Mantan pembicara Sunni berhasil mendapatkan 182 suara di parlemen yang terdiri dari 329 kursi dengan dukungan signifikan dari blok politik Syiah.
Parlemen Irak telah memilih Mahmoud al-Mashhadani, seorang anggota parlemen Sunni terkemuka yang memiliki hubungan dekat dengan Iran, sebagai pembicara baru setelah beberapa bulan kebuntuan di antara faksi-faksi politik.
Al-Mashhadani, yang sebelumnya menjabat sebagai pembicara dari tahun 2006 hingga 2009, dipilih dengan suara 182 dari 269 legislator yang hadir dalam sesi pada hari Kamis. Parlemen memiliki 329 kursi.

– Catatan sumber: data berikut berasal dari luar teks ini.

(* Let $T_n\in(c_0)^*$ be given by $T_nx=x_n$ for $x=(x_k)_{k\ge1}\in c_0$. Then for all $N\ge2$, $\Big(\frac{N}{2\log(2N)}\Big)^{1/2}\le\mathcal{R}^\gamma(\{T_n:1\le n\le N\})\le4\Big(\frac{N}{\log N}\Big)^{1/2}.$
   Context: $c_0$ is the space of real null sequences with the sup norm. $(\gamma_n)$ are independent standard Gaussians. For $\mathscr{T}\subseteq\mathcal{L}(X,Y)$, the $\gamma$-bound $\mathcal{R}^\gamma(\mathscr{T})$ is the least $C$ such that $(\mathbb{E}\|\sum_{j=1}^J\gamma_jS_jx_j\|^2)^{1/2}\le C(\mathbb{E}\|\sum_{j=1}^J\gamma_jx_j\|^2)^{1/2}$ for all $J$, all $S_1,\dots,S_J\in\mathscr{T}$ (not necessarily distinct) and all $x_1,\dots,x_J\in X$. *)

theory Defs
  imports "HOL-Probability.Probability"
begin

definition c0 :: "(nat \<Rightarrow> real) set" where
  "c0 = {x. x \<longlonglongrightarrow> 0}"

definition c0_norm :: "(nat \<Rightarrow> real) \<Rightarrow> real" where
  "c0_norm x = (SUP k. \<bar>x k\<bar>)"

definition gauss_measure :: "nat \<Rightarrow> (nat \<Rightarrow> real) measure" where
  "gauss_measure J = (\<Pi>\<^sub>M j\<in>{..<J}. density lborel (\<lambda>t. ennreal (std_normal_density t)))"

definition gauss_sq_c0 :: "nat \<Rightarrow> (nat \<Rightarrow> nat \<Rightarrow> real) \<Rightarrow> real" where
  "gauss_sq_c0 J x = (\<integral>\<omega>. (c0_norm (\<lambda>k. \<Sum>j<J. \<omega> j * x j k))\<^sup>2 \<partial>gauss_measure J)"

definition gauss_sq_real :: "nat \<Rightarrow> (nat \<Rightarrow> real) \<Rightarrow> real" where
  "gauss_sq_real J y = (\<integral>\<omega>. \<bar>\<Sum>j<J. \<omega> j * y j\<bar>\<^sup>2 \<partial>gauss_measure J)"

definition gamma_bound :: "((nat \<Rightarrow> real) \<Rightarrow> real) set \<Rightarrow> real" where
  "gamma_bound \<T> = Inf {C. \<forall>J (S :: nat \<Rightarrow> (nat \<Rightarrow> real) \<Rightarrow> real) (x :: nat \<Rightarrow> nat \<Rightarrow> real).
      (\<forall>j<J. S j \<in> \<T>) \<longrightarrow> (\<forall>j<J. x j \<in> c0) \<longrightarrow>
      sqrt (gauss_sq_real J (\<lambda>j. S j (x j))) \<le> C * sqrt (gauss_sq_c0 J x)}"

definition coord :: "nat \<Rightarrow> (nat \<Rightarrow> real) \<Rightarrow> real" where
  "coord n = (\<lambda>x. x n)"

end

theory Submission
  imports Defs "HOL-Real_Asymp.Real_Asymp"
begin

(*
  With g_j independent standard
  Gaussians, C is admissible iff sum_j x_j(n_j)^2 <= C^2 E||sum_j g_j x_j||^2 for all choices
  of n_j in {1..N} and x_j in c0 (lemma gamma_admissible_coordI).

  Lower bound: for x_j = e_(j+1) the left side is N, while E max_(j<N) g_j^2 <= 2 log (2N)
  via the Gaussian tail estimate E (g^2 - s^2)^+ <= 4 phi(s)/s at s = sqrt (2 log N).

  Upper bound: group the j into blocks by the value of n_j; the block sums Z_m are independent
  centred normals.  Averaging over sign flips constant on blocks shows that each Z_m^2 is
  dominated by a variable of mean M = E||sum_j g_j x_j||^2.  A second moment argument on the
  number of blocks with |Z_m| > sqrt (log N / 2) sd(Z_m) then shows that fewer than
  8N / log N blocks have variance >= 8M / log N, whence sum_j x_j(n_j)^2 <= 16 N M / log N.
*)

section \<open>The joint law of finitely many independent standard Gaussians\<close>

lemma prob_space_std_normal [simp]: "prob_space std_normal_distribution"
  using real_dist_normal_dist real_distribution_def by blast

lemma prob_space_gauss_measure: "prob_space (gauss_measure J)"
  unfolding gauss_measure_def by (intro prob_space_PiM) auto
(* Let $N\ge 2$, $R>0$, $p>0$ and consider $$\Delta u=v^p,\qquad \Delta v=e^{|\nabla u|}\qquad\text{in } B_R.$$ Then every positive radial solution $(u,v)$ of this system is either bounded (both $u$ and $v$ bounded in $B_R$) or satisfies: $u$ is bounded in $B_R$ and $\lim_{|x|\nearrow R}v(x)=\infty$.
   Context: $B_R\subset\mathbb{R}^N$ is the open ball of radius $R$ centred at the origin. A positive radial solution is a pair of radially symmetric functions $u,v\in C^2(B_R)$, positive in $B_R$, satisfying the equations pointwise. *)

theory Defs
  imports "HOL-Analysis.Analysis"
begin

definition partial :: "'n::finite \<Rightarrow> (real^'n \<Rightarrow> real) \<Rightarrow> real^'n \<Rightarrow> real" where
  "partial i f x = deriv (\<lambda>t. f (x + t *\<^sub>R axis i 1)) 0"

definition grad :: "(real^'n::finite \<Rightarrow> real) \<Rightarrow> real^'n \<Rightarrow> real^'n" where
  "grad f x = (\<chi> i. partial i f x)"

definition laplacian :: "(real^'n::finite \<Rightarrow> real) \<Rightarrow> real^'n \<Rightarrow> real" where
  "laplacian f x = (\<Sum>i\<in>UNIV. partial i (partial i f) x)"
(* Let $|\mathfrak{X}|\ge2$ and let $\mathbf{D}^{(1)}$ be an $(m_n,n,\mathbf{P})$ unlabeled Markov database. Define the collapsed database $\tilde{\mathbf{D}}^{(1)}$ by $\tilde D^{(1)}_{i,j}=1$ if $D^{(1)}_{i,j}=1$ and $\tilde D^{(1)}_{i,j}=2$ otherwise, and the column histograms $\tilde H^{(1)}_j=\sum_{i=1}^{m_n}\mathbb{1}[\tilde D^{(1)}_{i,j}=2]$ for $j\in[n]$. If $m_n=\omega(n^4)$, then $$\Pr\big(\exists\, i,j\in[n],\ i\neq j,\ \tilde H^{(1)}_i=\tilde H^{(1)}_j\big)\to0\quad\text{as } n\to\infty.$$
   Context: Unlabeled Markov database: for a finite alphabet $\mathfrak{X}=\{1,\dots,|\mathfrak{X}|\}$, an $(m_n,n,\mathbf{P})$ unlabeled Markov database is a random $m_n\times n$ matrix $\mathbf{D}=(D_{i,j})$ with entries in $\mathfrak{X}$ whose rows are i.i.d., each row being a first-order stationary Markov chain $(D_{i,1},\dots,D_{i,n})$ with $D_{i,1}\sim\pi=[u_1,\dots,u_{|\mathfrak{X}|}]$ and transition matrix $\mathbf{P}=\gamma\mathbf{I}+(1-\gamma)\mathbf{U}$, where $\mathbf{I}$ is the identity, $U_{i,j}=u_j>0$ for all $i,j$, $\sum_j u_j=1$, and $\gamma\in\big(-\min_j\frac{u_j}{1-u_j},1\big)$; $\pi$ is the stationary distribution of $\mathbf{P}$. *)

theory Defs
  imports Complex_Main "HOL-Library.FuncSet" "HOL-Library.Landau_Symbols"
begin

text \<open>Alphabet is {1..K}. The stationary distribution is u (u j for j in {1..K}).
  Transition matrix P = gamma I + (1-gamma) U with U a b = u b.\<close>

definition trans_prob :: "real \<Rightarrow> (nat \<Rightarrow> real) \<Rightarrow> nat \<Rightarrow> nat \<Rightarrow> real" where
  "trans_prob \<gamma> u a b = \<gamma> * (if a = b then 1 else 0) + (1 - \<gamma>) * u b"

definition row_prob :: "real \<Rightarrow> (nat \<Rightarrow> real) \<Rightarrow> nat \<Rightarrow> (nat \<Rightarrow> nat) \<Rightarrow> real" where
  "row_prob \<gamma> u n x = u (x 1) * (\<Prod>j\<in>{1..<n}. trans_prob \<gamma> u (x j) (x (Suc j)))"

definition databases :: "nat \<Rightarrow> nat \<Rightarrow> nat \<Rightarrow> (nat \<Rightarrow> nat \<Rightarrow> nat) set" where
  "databases K m n = PiE {1..m} (\<lambda>_. PiE {1..n} (\<lambda>_. {1..K}))"

definition db_prob :: "real \<Rightarrow> (nat \<Rightarrow> real) \<Rightarrow> nat \<Rightarrow> nat \<Rightarrow> (nat \<Rightarrow> nat \<Rightarrow> nat) \<Rightarrow> real" where
  "db_prob \<gamma> u m n D = (\<Prod>i\<in>{1..m}. row_prob \<gamma> u n (D i))"

definition collapse :: "(nat \<Rightarrow> nat \<Rightarrow> nat) \<Rightarrow> nat \<Rightarrow> nat \<Rightarrow> nat" where
  "collapse D i j = (if D i j = 1 then 1 else 2)"

definition col_hist :: "nat \<Rightarrow> (nat \<Rightarrow> nat \<Rightarrow> nat) \<Rightarrow> nat \<Rightarrow> nat" where
  "col_hist m D j = card {i \<in> {1..m}. collapse D i j = 2}"

definition collision_prob :: "nat \<Rightarrow> real \<Rightarrow> (nat \<Rightarrow> real) \<Rightarrow> nat \<Rightarrow> nat \<Rightarrow> real" where
  "collision_prob K \<gamma> u m n =
     (\<Sum>D\<in>{D \<in> databases K m n. \<exists>i\<in>{1..n}. \<exists>j\<in>{1..n}. i \<noteq> j \<and> col_hist m D i = col_hist m D j}.
        db_prob \<gamma> u m n D)"

end

theory Submission
  imports Defs "HOL-Analysis.Convex"
begin

text \<open>
  Fix columns \<open>i < j\<close> and put \<open>f x = [x i \<noteq> 1] - [x j \<noteq> 1]\<close> for a row \<open>x\<close>. The collapsed
  histograms of the two columns agree iff as many rows have \<open>f = 1\<close> as \<open>f = -1\<close>. The rows are
  i.i.d., and \<open>f \<noteq> 0\<close> has probability at least \<open>u 1 * u 2 * (1 - \<bar>\<gamma>\<bar>)\<close>, because the
  \<open>k\<close>-step transition matrix is \<open>\<gamma>^k I + (1 - \<gamma>^k) U\<close>. Given the \<open>N\<close> rows with \<open>f \<noteq> 0\<close>, the
  signs balance with probability at most \<open>binomial (N, N/2) p^(N/2) q^(N/2) / (p + q)^N \<le>
  sqrt (2 / (N + 1))\<close>, and averaging over the binomially distributed \<open>N\<close> (Jensen) gives
  \<open>O(1 / sqrt m)\<close>. A union bound over the fewer than \<open>n^2\<close> pairs of columns bounds the
  collision probability by \<open>O(n^2 / sqrt m)\<close>, which tends to \<open>0\<close> when \<open>m = \<omega>(n^4)\<close>.
\<close>

section \<open>Finite sums and binomial estimates\<close>

lemma sum_of_bool_eq_mult:
  assumes "finite S" "b \<in> S"
  shows "(\<Sum>a\<in>S. of_bool (a = b) * f a) = (f b :: real)"
proof -
  have "(\<Sum>a\<in>S. of_bool (a = b) * f a) = (\<Sum>a\<in>S. if a = b then f a else 0)"
    by (intro sum.cong) auto
  then show ?thesis
    using assms by simp
qed

lemma sum_of_bool_bex_le:
  fixes w :: "'a \<Rightarrow> real"
  assumes "finite I" "\<forall>x\<in>S. w x \<ge> 0"
  shows "(\<Sum>x\<in>S. w x * of_bool (\<exists>i\<in>I. Q i x)) \<le> (\<Sum>i\<in>I. \<Sum>x\<in>S. w x * of_bool (Q i x))"
proof -
  have "w x * of_bool (\<exists>i\<in>I. Q i x) \<le> (\<Sum>i\<in>I. w x * of_bool (Q i x))" if "x \<in> S" for x
  proof (cases "\<exists>i\<in>I. Q i x")
    case True
    then obtain i where "i \<in> I" "Q i x" by blast
    then show ?thesis
      using assms that by (intro member_le_sum[of i, THEN order.trans[rotated]]) auto
  qed (use assms that in \<open>auto intro: sum_nonneg\<close>)
  then have "(\<Sum>x\<in>S. w x * of_bool (\<exists>i\<in>I. Q i x)) \<le> (\<Sum>x\<in>S. \<Sum>i\<in>I. w x * of_bool (Q i x))"
    by (rule sum_mono)
  then show ?thesis
    by (subst sum.swap)
qed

Pada November 2023, Mahkamah Agung Federal secara tiba-tiba mengakhiri masa jabatan pembicara parlemen Sunni paling berpengaruh, Mohammed al-Halbousi, tanpa menyebutkan alasan, membuka jalan untuk pertarungan suksesi yang berlangsung selama hampir 12 bulan.
Al-Halbousi, yang pernah menjabat sebagai gubernur provinsi Anbar, terpilih pada tahun 2018. Saat itu dia berusia 37 tahun dan menjadi pembicara parlemen termuda dalam sejarah negara itu. Dia terpilih kembali pada tahun 2022 untuk masa jabatan kedua dan menjabat hingga dipecatnya pada tahun 2023.
Al-Mashhadani berhasil terpilih dengan dukungan signifikan dari koalisi yang mencakup partai Syiah berpengaruh dan kelompok yang sejalan dengan Iran bersama dengan koalisi Negara Hukum yang dipimpin oleh mantan Perdana Menteri Nouri al-Maliki.
Dalam sistem pembagian kekuasaan sektarian negara itu, pembicara parlemen selalu dari kalangan Sunni, perdana menteri dari kalangan Syiah, dan presiden dari kalangan Kurd.
Peran pembicara sangat penting dalam lanskap politik Irak yang seringkali terpecah belah. Al-Mashhadani sekarang harus menghadapi banyak tantangan termasuk korupsi dan perpecahan internal yang juga bisa mengancam posisinya.
Dia juga harus berurusan dengan beberapa legislasi kontroversial, termasuk usulan amendemen terhadap hukum status personal Irak yang mengatur masalah keluarga, yang dikritik karena pada dasarnya melegalkan pernikahan anak.
Pemilihan ini terjadi saat Irak mencoba menavigasi dampak dari perang Israel di Gaza dan Lebanon serta seimbang dalam hubungannya dengan Iran dan Amerika Serikat.
Milisi milik Iran, seperti Resistansi Islam di Irak, secara teratur meluncurkan serangan drone terhadap basis yang menampung pasukan AS di Irak dan Suriah sebagai balasan atas dukungan Washington terhadap Israel.
Pemerintah Irak telah berusaha menghindari alienasi terhadap AS, yang telah diandalkan untuk dukungan ekonomi dan militer, dengan pasukan AS masih berada di negara itu terutama untuk melawan ISIL (ISIS).